Friday, December 23, 2005

Durable Goods Orders Jump, Consumer Confidence Rises Most in 13 Years Last 2 Months, New Home Sales Weaken

- Durable Goods Orders for November rose 4.4% versus estimates of a 1.2% increase and a 3.0% gain in October.
- Durables Ex Transportation for November fell .6% versus estimates of a 1.0% gain and a .2% decline in October.
- Final Univ. of Mich. Consumer Confidence for December rose to 91.5 versus estimates of 89.0 and a prior estimate of 88.7.
- New Home Sales for November fell to 1245K versus estimates of 1300K and 1404K in October.
BOTTOM LINE: US orders for durable goods jumped 4.4% in November, the most in six months, propelled by a surge in demand for aircraft, Bloomberg reported. Orders for transportation equipment soared 15.6% versus an 11.2% gain the prior month. Orders for defense hardware plunged 27% in November. Bookings for non-defense capital goods excluding aircraft, a proxy for future business investment, dropped 2% last month.
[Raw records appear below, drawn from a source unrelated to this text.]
lemma generator_in_sgp_gen:
  assumes "i < length a"
  shows "int (a ! i) \<in> sgp_gen a"
proof -
  have "(\<Sum>j<length a. (if j = i then 1 else 0) * a ! j) = (\<Sum>j<length a. if j = i then a ! j else 0)"
    by (rule sum.cong) auto
  also have "\<dots> = a ! i" using assms by simp
  finally show ?thesis unfolding sgp_gen_iff by (intro exI[of _ "\<lambda>j. if j = i then 1 else 0"]) simp
qed

lemma sgp_gen_mult: "x \<in> sgp_gen a \<Longrightarrow> int k * x \<in> sgp_gen a"
  by (induction k) (auto simp: zero_in_sgp_gen algebra_simps intro: sgp_gen_add)

lemma sgp_gen_minus_generator:
  assumes "h \<in> sgp_gen a" "h \<noteq> 0"
  shows "\<exists>i<length a. h - int (a ! i) \<in> sgp_gen a"
proof -
  obtain c where c: "h = int (\<Sum>i<length a. c i * a ! i)" using assms(1) by (auto simp: sgp_gen_iff)
  then have "(\<Sum>i<length a. c i * a ! i) \<noteq> 0" using assms(2) by (metis of_nat_0)
  then obtain j where "j < length a" "c j * a ! j \<noteq> 0" by (meson lessThan_iff sum.neutral)
  then have j: "j < length a" "c j \<noteq> 0" by simp_all
  define c' where "c' = c(j := c j - 1)"
  have "(\<Sum>i<length a. c i * a ! i) = (\<Sum>i<length a. c' i * a ! i + (if i = j then a ! i else 0))"
    using j by (intro sum.cong) (auto simp: c'_def algebra_simps)
  also have "\<dots> = (\<Sum>i<length a. c' i * a ! i) + a ! j"
    using j by (simp add: sum.distrib)
  finally have "h - int (a ! j) = int (\<Sum>i<length a. c' i * a ! i)" using c by simp
  then show ?thesis using j unfolding sgp_gen_iff by (intro exI[of _ j]) (auto intro!: exI[of _ c'])
qed

lemma PF_add_nonzero:
  assumes "c \<in> PF a" "h \<in> sgp_gen a" "h \<noteq> 0"
  shows "c + h \<in> sgp_gen a"
proof -
  obtain i where i: "i < length a" "h - int (a ! i) \<in> sgp_gen a"
    using sgp_gen_minus_generator assms(2,3) by blast
  have "c + int (a ! i) \<in> sgp_gen a" using assms(1) i(1) by (simp add: PF_def)
  from sgp_gen_add[OF this i(2)] show ?thesis by simp
qed

lemma Gcd_list_bezout: "\<exists>z::nat \<Rightarrow> int. (\<Sum>i<length a. z i * int (a ! i)) = int (Gcd (set a))"
proof (induction a)
  case Nil
  then show ?case by simp
next
  case (Cons x xs)
  then obtain z where z: "(\<Sum>i<length xs. z i * int (xs ! i)) = int (Gcd (set xs))" by blast
  obtain u v where uv: "u * int x + v * int (Gcd (set xs)) = gcd (int x) (int (Gcd (set xs)))"
    using bezout_int by blast
  define z' where "z' = (\<lambda>i. case i of 0 \<Rightarrow> u | Suc j \<Rightarrow> v * z j)"
  have "(\<Sum>i<length (x # xs). z' i * int ((x # xs) ! i))
      = u * int x + v * (\<Sum>i<length xs. z i * int (xs ! i))"
    by (simp add: z'_def sum.lessThan_Suc_shift sum_distrib_left algebra_simps del: sum.lessThan_Suc)
  also have "\<dots> = int (Gcd (set (x # xs)))" using uv z by simp
  finally show ?case by blast
qed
The decline in durables ex transportation is surprising given record low inventory levels. I would expect to see an increase in this number next month.
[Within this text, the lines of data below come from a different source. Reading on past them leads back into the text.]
lemma Pr_stake_sdrop:
  assumes A: "{s. A s} \<in> sets S" and B: "{s. B s} \<in> sets S"
    and A_stake: "\<And>s t. A (stake n s @- t) = A s"
  shows "Pr (\<lambda>s. A s \<and> B (sdrop n s)) = Pr A * Pr B"
proof -
  have AB: "{s. A s \<and> B (sdrop n s)} \<in> sets S"
    using sets.Int[OF A sets_Collect_sdrop[OF B]] by (simp add: Collect_conj_eq)
  have "ennreal (Pr (\<lambda>s. A s \<and> B (sdrop n s))) =
        (\<integral>\<^sup>+s. \<integral>\<^sup>+t. indicator {s. A s \<and> B (sdrop n s)} (stake n s @- t) \<partial>S \<partial>S)"
    unfolding ennreal_Pr[OF AB] by (rule nn_integral_stake_shift) (use AB in simp)
  also have "\<dots> = (\<integral>\<^sup>+s. indicator {s. A s} s * (\<integral>\<^sup>+t. indicator {s. B s} t \<partial>S) \<partial>S)"
    by (subst nn_integral_cmult[symmetric])
       (auto intro!: nn_integral_cong simp: A_stake sdrop_shift borel_measurable_indicator[OF B]
         split: split_indicator)
  also have "\<dots> = ennreal (Pr A) * ennreal (Pr B)"
    unfolding ennreal_Pr[OF A] ennreal_Pr[OF B] by (rule nn_integral_multc) (use A in simp)
  finally show ?thesis
    by (simp add: Pr_nonneg ennreal_mult'[symmetric])
qed

lemma Pr_strong_markov:
  assumes F: "\<And>n. {s. F n s} \<in> sets S" and Q: "{s. Q s} \<in> sets S"
    and F_stake: "\<And>n s t. F n (stake n s @- t) = F n s"
    and F_unique: "\<And>n n' s. F n s \<Longrightarrow> F n' s \<Longrightarrow> n = n'"
  shows "Pr (\<lambda>s. \<exists>n. F n s \<and> Q (sdrop n s)) = Pr (\<lambda>s. \<exists>n. F n s) * Pr Q"
proof -
  define A where "A n = {s. F n s \<and> Q (sdrop n s)}" for n
  define B where "B n = {s. F n s}" for n
  have sets: "range A \<subseteq> sets S" "range B \<subseteq> sets S"
    using F sets.Int[OF F sets_Collect_sdrop[OF Q]] by (auto simp: A_def B_def Collect_conj_eq)
  have disj: "disjoint_family A" "disjoint_family B"
    using F_unique by (auto simp: A_def B_def disjoint_family_on_def)
  have "(\<lambda>n. measure S (B n) * Pr Q) sums measure S (\<Union>n. A n)"
    using S.finite_measure_UNION[OF sets(1) disj(1)] Pr_stake_sdrop[OF F Q F_stake]
    by (simp add: A_def B_def Pr_def)
  moreover have "(\<lambda>n. measure S (B n) * Pr Q) sums (measure S (\<Union>n. B n) * Pr Q)"
    by (rule sums_mult2[OF S.finite_measure_UNION[OF sets(2) disj(2)]])
  ultimately have "measure S (\<Union>n. A n) = measure S (\<Union>n. B n) * Pr Q"
    using sums_unique2 by blast
  moreover have "(\<Union>n. A n) = {s. \<exists>n. F n s \<and> Q (sdrop n s)}" "(\<Union>n. B n) = {s. \<exists>n. F n s}"
    unfolding A_def B_def by auto
  ultimately show ?thesis
    by (simp add: Pr_def)
qed

lemma nn_integral_suminf_indicator:
  assumes A: "\<And>m. {s. A m s} \<in> sets S" and w: "\<And>m. 0 \<le> w m"
    and sums: "(\<lambda>m. w m * Pr (A m)) sums L"
  shows "(\<integral>\<^sup>+s. (\<Sum>m. ennreal (w m) * indicator {s. A m s} s) \<partial>S) = ennreal L"
proof -
  have "(\<integral>\<^sup>+s. (\<Sum>m. ennreal (w m) * indicator {s. A m s} s) \<partial>S) =
      (\<Sum>m. \<integral>\<^sup>+s. ennreal (w m) * indicator {s. A m s} s \<partial>S)"
  proof (rule nn_integral_suminf)
    fix m
    show "(\<lambda>s. ennreal (w m) * indicator {s. A m s} s) \<in> borel_measurable S"
      using A[of m] by measurable
  qed
  also have "\<dots> = (\<Sum>m. ennreal (w m * Pr (A m)))"
  proof (rule suminf_cong)
    fix m
    have "(\<integral>\<^sup>+s. ennreal (w m) * indicator {s. A m s} s \<partial>S) = ennreal (w m) * ennreal (Pr (A m))"
      by (simp add: nn_integral_cmult_indicator[OF A] Pr_def S.emeasure_eq_measure)
    then show "(\<integral>\<^sup>+s. ennreal (w m) * indicator {s. A m s} s \<partial>S) = ennreal (w m * Pr (A m))"
      using w Pr_nonneg by (simp add: ennreal_mult)
  qed
  also have "\<dots> = ennreal (\<Sum>m. w m * Pr (A m))"
    by (rule suminf_ennreal2) (use w Pr_nonneg sums_summable[OF sums] in auto)
  also have "\<dots> = ennreal L"
    using sums_unique[OF sums] by simp
  finally show ?thesis .
qed

end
US consumer confidence rose in December to the highest since July as lower gas prices and a rising stock market gave Americans more money to spend for the holidays, Bloomberg reported. The expectations component of the index soared to 80.2 from 69.6 the prior month. The current conditions component of the index, which is a gauge of Americans’ perception of their financial situation and if it’s a good time to purchase large items such as cars, jumped to 109.1 from 100.2 in November. Consumer confidence has now surged 17.3 percentage points in two months, the biggest two-month gain since the final two months of 1992. I expect consumer confidence to reach cycle highs over the intermediate-term as rising stock prices, low interest rates, an end to the Fed tightening cycle, falling energy prices, a stable job market and lower inflation readings more than offset a slowing housing market, thus leading to a lifting of the irrational pessimism that has developed since the bursting of the stock market bubble and 9/11 terrorist attacks.
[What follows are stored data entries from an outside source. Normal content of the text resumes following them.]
lemma Bop_diff: "Bop l0 l1 l2 n (p - q) z = Bop l0 l1 l2 n p z - Bop l0 l1 l2 n q z"
  by (simp add: Bop_def pderiv_diff algebra_simps diff_divide_distrib)

lemma Bop_const: "Bop l0 l1 l2 n [:c:] z = l0 * c"
  by (simp add: Bop_def)

lemma class_B_coeffs_nonzero:
  assumes "class_B l0 l1 l2 n" and "n \<ge> 1"
  shows "\<not> (l0 = 0 \<and> of_nat n * l1 = 0 \<and> of_nat (n * (n - 1)) / 2 * l2 = 0)"
proof
  assume "l0 = 0 \<and> of_nat n * l1 = 0 \<and> of_nat (n * (n - 1)) / 2 * l2 = 0"
  then have l: "l0 = 0" "of_nat n * l1 = 0" "of_nat (n * (n - 1)) / 2 * l2 = 0" by auto
  have "Upoly l0 l1 l2 n (of_nat n) = 0" unfolding Upoly_def l by simp
  then have "cmod (of_nat n :: complex) \<le> cmod (of_nat n - of_nat n / 2 :: complex)"
    using assms(1) unfolding class_B_def by blast
  also have "(of_nat n - of_nat n / 2 :: complex) = of_real (real n / 2)" by simp
  finally show False using assms(2) by simp
qed

lemma linear_factor_in_halfplane:
  fixes a b h :: complex
  assumes root: "\<And>w. a + b * w = 0 \<Longrightarrow> cmod w \<le> cmod (w - h)"
  shows "cmod a \<le> cmod (a + h * b)"
proof (cases "b = 0")
  case False
  have "cmod (- a / b) \<le> cmod (- a / b - h)" by (rule root) (use False in simp)
  then have "cmod b * cmod (- a / b) \<le> cmod b * cmod (- a / b - h)" by (rule mult_left_mono) simp
  also have "cmod b * cmod (- a / b - h) = cmod (b * (- a / b - h))" by (simp add: norm_mult)
  also have "b * (- a / b - h) = - (a + h * b)" using False by (simp add: field_simps)
  finally show ?thesis using False by (simp add: norm_divide norm_minus_commute[of "- a"] add.commute)
qed simp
US new home sales in November fell as rising mortgage rates and elevated prices discouraged some buyers, Bloomberg reported. Sales fell 11.3% from an all-time high in October, while the median price of a new home rose slightly to $225,200. The supply of new homes at the current sales rate increased to 4.9 months, the most in 9 years. Sales fell 22.1% in the West, 18.3% in the Midwest and 5.5% in the South. Sales rose 13.4% in the Northeast. I continue to expect the housing market to slow to more healthy, sustainable levels from all-time record highs. This will likely lead to a slowing in the overall US economy to average rates from high rates, which will benefit US stocks.